Lamb Bhuna
Hearty, aromatic, and packed with veggies, this lamb bhuna curry makes a healthy alternative to an Indian take away without compromising on flavour.
Introduction
When my wife and I lived in London before we had kids, we used to get an Indian each Friday. I can’t tell you how many times I ordered a lamb bhuna.
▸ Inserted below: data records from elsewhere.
lemma finite_V: "finite V"
  using graph unfolding graph_def by simp

lemma card_V_eq: "card V = card V' + 8"
proof -
  let ?D = "(VX1 \<union> VX2) - {x1, x2}"
  note leaf1 = is_5leafD[OF X1(1)] and leaf2 = is_5leafD[OF X2(1)]
  have "card (VX1 \<union> VX2) = 10"
    using card_Un_disjoint[OF leaf1(6) leaf2(6) disj(1)] leaf1(5) leaf2(5) by simp
  moreover have "{x1, x2} \<subseteq> VX1 \<union> VX2" "card {x1, x2} = 2"
    using X1(2) X2(2) x1_ne_x2 by auto
  ultimately have "card ?D = 8" by (simp add: card_Diff_subset)
  moreover have "?D \<subseteq> V" using leaf1(1) leaf2(1) by auto
  ultimately show ?thesis
    unfolding V'_def using card_Diff_subset[of ?D V] card_mono[OF finite_V, of ?D] leaf1(6) leaf2(6)
    by simp
qed

lemma outside_neighbour_eq_a:
  assumes "y \<in> V'" "y \<notin> {x1, x2}" "c \<in> {x1, x2}" "{c, y} \<in> E"
  shows "y = a"
proof -
  have "y \<notin> VX1" "y \<notin> VX2" using assms(1,2) unfolding V'_def by auto
  moreover have "degree V E x1 \<le> 3" "degree V E x2 \<le> 3"
    using G X1 X2 is_5leafD(1) unfolding in_Grs_def by blast+
  moreover have "{x1, a} \<in> E" "{x2, a} \<in> E" using edges by (simp_all add: insert_commute)
  ultimately show ?thesis
    using assms(3,4) disj(2) is_5leaf_outside_neighbour_unique[OF graph _ X1]
      is_5leaf_outside_neighbour_unique[OF graph _ X2] by blast
qed

definition reroute :: "'a set set \<Rightarrow> 'a set set" where
  "reroute T = (if {x1, x2} \<in> T then {{x1, a}, {a, x2}} else T)"
lemma k_ascendingD:
  assumes "k_ascending k w i j"
  shows "i < j" "j < length w" "w!i + k \<le> w!j"
    "\<And>t. i \<le> t \<Longrightarrow> t \<le> j \<Longrightarrow> w!i \<le> w!t" "\<And>t. i \<le> t \<Longrightarrow> t \<le> j \<Longrightarrow> w!t \<le> w!j"
    "\<And>s t. i \<le> s \<Longrightarrow> s < t \<Longrightarrow> t \<le> j \<Longrightarrow> w!s < w!t + k"
  using assms unfolding k_ascending_iff by auto

lemma k_descendingD:
  assumes "k_descending k w i j"
  shows "i < j" "j < length w" "w!j + k \<le> w!i"
    "\<And>t. i \<le> t \<Longrightarrow> t \<le> j \<Longrightarrow> w!j \<le> w!t" "\<And>t. i \<le> t \<Longrightarrow> t \<le> j \<Longrightarrow> w!t \<le> w!i"
    "\<And>s t. i \<le> s \<Longrightarrow> s < t \<Longrightarrow> t \<le> j \<Longrightarrow> w!t < w!s + k"
  using assms unfolding k_descending_iff by auto

lemma k_ascendingI:
  assumes "i < j" "j < length w" "w!i + k \<le> w!j"
    "\<And>t. i \<le> t \<Longrightarrow> t \<le> j \<Longrightarrow> w!i \<le> w!t" "\<And>t. i \<le> t \<Longrightarrow> t \<le> j \<Longrightarrow> w!t \<le> w!j"
    "\<And>s t. i \<le> s \<Longrightarrow> s < t \<Longrightarrow> t \<le> j \<Longrightarrow> w!s < w!t + k"
  shows "k_ascending k w i j"
  using assms unfolding k_ascending_iff by auto

lemma k_descendingI:
  assumes "i < j" "j < length w" "w!j + k \<le> w!i"
    "\<And>t. i \<le> t \<Longrightarrow> t \<le> j \<Longrightarrow> w!j \<le> w!t" "\<And>t. i \<le> t \<Longrightarrow> t \<le> j \<Longrightarrow> w!t \<le> w!i"
    "\<And>s t. i \<le> s \<Longrightarrow> s < t \<Longrightarrow> t \<le> j \<Longrightarrow> w!t < w!s + k"
  shows "k_descending k w i j"
  using assms unfolding k_descending_iff by auto

lemma max_k_ascendingD: "max_k_ascending k w i j \<Longrightarrow> k_ascending k w i j"
  unfolding max_k_ascending_def by simp

lemma max_k_descendingD: "max_k_descending k w i j \<Longrightarrow> k_descending k w i j"
  unfolding max_k_descending_def by simp

lemma finite_has_arg_max:
  fixes f :: "'a \<Rightarrow> 'b::linorder"
  assumes "finite S" "S \<noteq> {}"
  shows "\<exists>x\<in>S. \<forall>y\<in>S. f y \<le> f x"
proof -
  have "Max (f ` S) \<in> f ` S" using assms by simp
  then obtain x where "x \<in> S" "f x = Max (f ` S)" by auto
  then show ?thesis using assms by (metis Max_ge finite_imageI image_eqI)
qed

lemma finite_has_arg_min:
  fixes f :: "'a \<Rightarrow> 'b::linorder"
  assumes "finite S" "S \<noteq> {}"
  shows "\<exists>x\<in>S. \<forall>y\<in>S. f x \<le> f y"
proof -
  have "Min (f ` S) \<in> f ` S" using assms by simp
  then obtain x where "x \<in> S" "f x = Min (f ` S)" by auto
  then show ?thesis using assms by (metis Min_le finite_imageI image_eqI)
qed

lemma k_ascending_merge:
  assumes a1: "k_ascending k w i j" and a2: "k_ascending k w i' j'"
    and o: "i \<le> i'" "i' \<le> j" "j \<le> j'"
  shows "k_ascending k w i j'"
proof (rule k_ascendingI)
  note A = k_ascendingD[OF a1] and B = k_ascendingD[OF a2]
  show "i < j'" using A(1) o by simp
  show "j' < length w" using B(2) .
  have ij: "w!j \<le> w!j'" using B(5)[of j] o by simp
  have ii: "w!i \<le> w!i'" using A(4)[of i'] o by simp
  show "w!i + k \<le> w!j'" using A(3) ij by simp
  fix t
  assume t: "i \<le> t" "t \<le> j'"
  show "w!i \<le> w!t"
  proof (cases "t \<le> j")
    case True then show ?thesis using A(4) t by simp
  next
    case False then show ?thesis using B(4)[of t] t o ii by simp
  qed
  show "w!t \<le> w!j'"
  proof (cases "t \<le> j")
    case True then show ?thesis using A(5)[of t] t ij by simp
  next
    case False then show ?thesis using B(5)[of t] t o by simp
  qed
next
  note A = k_ascendingD[OF a1] and B = k_ascendingD[OF a2]
  fix s t assume st: "i \<le> s" "s < t" "t \<le> j'"
  show "w!s < w!t + k"
  proof (cases "t \<le> j")
    case True then show ?thesis using A(6) st by simp
  next
    case tj: False
    show ?thesis
    proof (cases "i' \<le> s")
      case True then show ?thesis using B(6) st by simp
    next
      case False
      then have "w!s \<le> w!j" using A(5)[of s] st o by simp
      moreover have "w!j < w!t + k" using B(6)[of j t] tj st o by simp
      ultimately show ?thesis by simp
    qed
  qed
qed
lemma group_RIP_inner_le:
  assumes rip: "group_RIP G k A d" and L: "group_sparse G k L" and M: "group_sparse G k M"
    and LM: "L \<inter> M = {}" and u: "supp u \<subseteq> L" and v: "supp v \<subseteq> M"
  shows "\<bar>inner (A *v u) (A *v v)\<bar> \<le> d * norm u * norm v"
proof (cases "u = 0 \<or> v = 0")
  case True
  then show ?thesis by (auto simp: matrix_vector_mult_0_right)
next
  case False
  define a where "a = (1 / norm u) *\<^sub>R u"
  define b where "b = (1 / norm v) *\<^sub>R v"
  have "supp a \<subseteq> L" "supp b \<subseteq> M"
    using supp_scaleR u v unfolding a_def b_def by blast+
  moreover have "norm a = 1" "norm b = 1" using False by (auto simp: a_def b_def)
  ultimately have "\<bar>inner (A *v a) (A *v b)\<bar> \<le> d"
    by (rule group_RIP_inner_unit_le[OF rip L M LM])
  have "inner (A *v u) (A *v v) = norm u * norm v * inner (A *v a) (A *v b)"
    using False by (simp add: a_def b_def matrix_vector_mult_scaleR)
  then have "\<bar>inner (A *v u) (A *v v)\<bar> = norm u * norm v * \<bar>inner (A *v a) (A *v b)\<bar>"
    by (simp add: abs_mult)
  also have "\<dots> \<le> norm u * norm v * d"
    using \<open>\<bar>inner (A *v a) (A *v b)\<bar> \<le> d\<close> by (simp add: mult_left_mono)
  finally show ?thesis by (simp add: mult_ac)
qed

lemma norm_add_le_sqrt2_norm_if_orthogonal:
  fixes x y :: "'a::real_inner"
  assumes "inner x y = 0"
  shows "norm x + norm y \<le> sqrt 2 * norm (x + y)"
proof (rule power2_le_imp_le)
  have "(norm (x + y))\<^sup>2 = (norm x)\<^sup>2 + (norm y)\<^sup>2"
    using assms by (simp add: power2_norm_eq_inner algebra_simps inner_commute)
  moreover have "0 \<le> (norm x - norm y)\<^sup>2" by simp
  ultimately show "(norm x + norm y)\<^sup>2 \<le> (sqrt 2 * norm (x + y))\<^sup>2"
    by (simp add: power_mult_distrib power2_eq_square algebra_simps)
qed simp

lemma group_RIP_cross_term:
  assumes rip: "group_RIP G k A d" and "0 \<le> d"
    and L0: "group_sparse G k L0" and L1: "group_sparse G k L1" and "L0 \<inter> L1 = {}"
    and M: "group_sparse G k M" and "M \<inter> (L0 \<union> L1) = {}" and w: "supp w \<subseteq> M"
  shows "\<bar>inner (A *v restr (L0 \<union> L1) h) (A *v w)\<bar>
           \<le> sqrt 2 * d * norm (restr (L0 \<union> L1) h) * norm w"
proof -
  let ?x = "restr L0 h" and ?y = "restr L1 h"
  have "restr (L0 \<union> L1) h = ?x + ?y" using assms(5) by (rule restr_Un_disjoint)
  moreover have "\<bar>inner (A *v ?x) (A *v w)\<bar> \<le> d * norm ?x * norm w"
    "\<bar>inner (A *v ?y) (A *v w)\<bar> \<le> d * norm ?y * norm w"
    using group_RIP_inner_le[OF rip L0 M _ supp_restr w]
      group_RIP_inner_le[OF rip L1 M _ supp_restr w] assms(7) by blast+
  moreover have "norm ?x + norm ?y \<le> sqrt 2 * norm (?x + ?y)"
    using supp_restr[of L0 h] supp_restr[of L1 h] assms(5)
    by (intro norm_add_le_sqrt2_norm_if_orthogonal inner_eq_0_if_supp_disjoint) blast
  then have "d * (norm ?x + norm ?y) * norm w \<le> d * (sqrt 2 * norm (?x + ?y)) * norm w"
    using \<open>0 \<le> d\<close> by (intro mult_right_mono mult_left_mono) simp_all
  ultimately show ?thesis
    by (simp add: matrix_vector_right_distrib inner_add_left algebra_simps)
qed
I was initially a bit nervous about making a ‘filling’ version, but I’m delighted to say I got there in the end.
Ingredients
| 1 tbsp | olive oil |
| 400g | extra-lean diced lamb |
| 2 | onions, thinly sliced |
| 2 | garlic cloves, crushed |
| 1 tbsp | finely chopped fresh root ginger |
| 2 tsp | ground cumin |
| 1 tsp | coriander seeds |
| 1 tsp | ground cinnamon |
| 1 x 400g tin of | chopped tomatoes |
| 500ml | chicken stock |
| 200g | courgettes, roughly chopped |
| 1 x 400g tin of | chickpeas, drained |
| 50g | dried apricots, thinly sliced |
| 160g | basmati rice |
| juice of 1 | lemon |
| handful of | chopped fresh coriander |
Method
Heat the oil in a large, heavy-based pan, add the lamb and sear it on all sides for 5 minutes, then remove from the pan with a slotted spoon and set aside.
Add the onions to the pan and sauté for 5 minutes, then add the garlic and ginger, stir briefly, then add the spices.
Add the tomatoes and stock, mix well and bring to the boil. Add the courgettes, chickpeas, apricots and lamb. Simmer over a low heat for 1 hour until the lamb is tender and everything has thickened up. Keep an eye on the liquid and add extra water, if it starts to look dry.
Meanwhile, put your rice on to cook according to the packet instructions (I use a rice cooker).
Stir the lemon juice and coriander into the curry and serve with the warm rice.
Top Tip: This works great as a meal-prepped lunch. For dinner, I like to serve this with extra poppadoms and Indian pickles.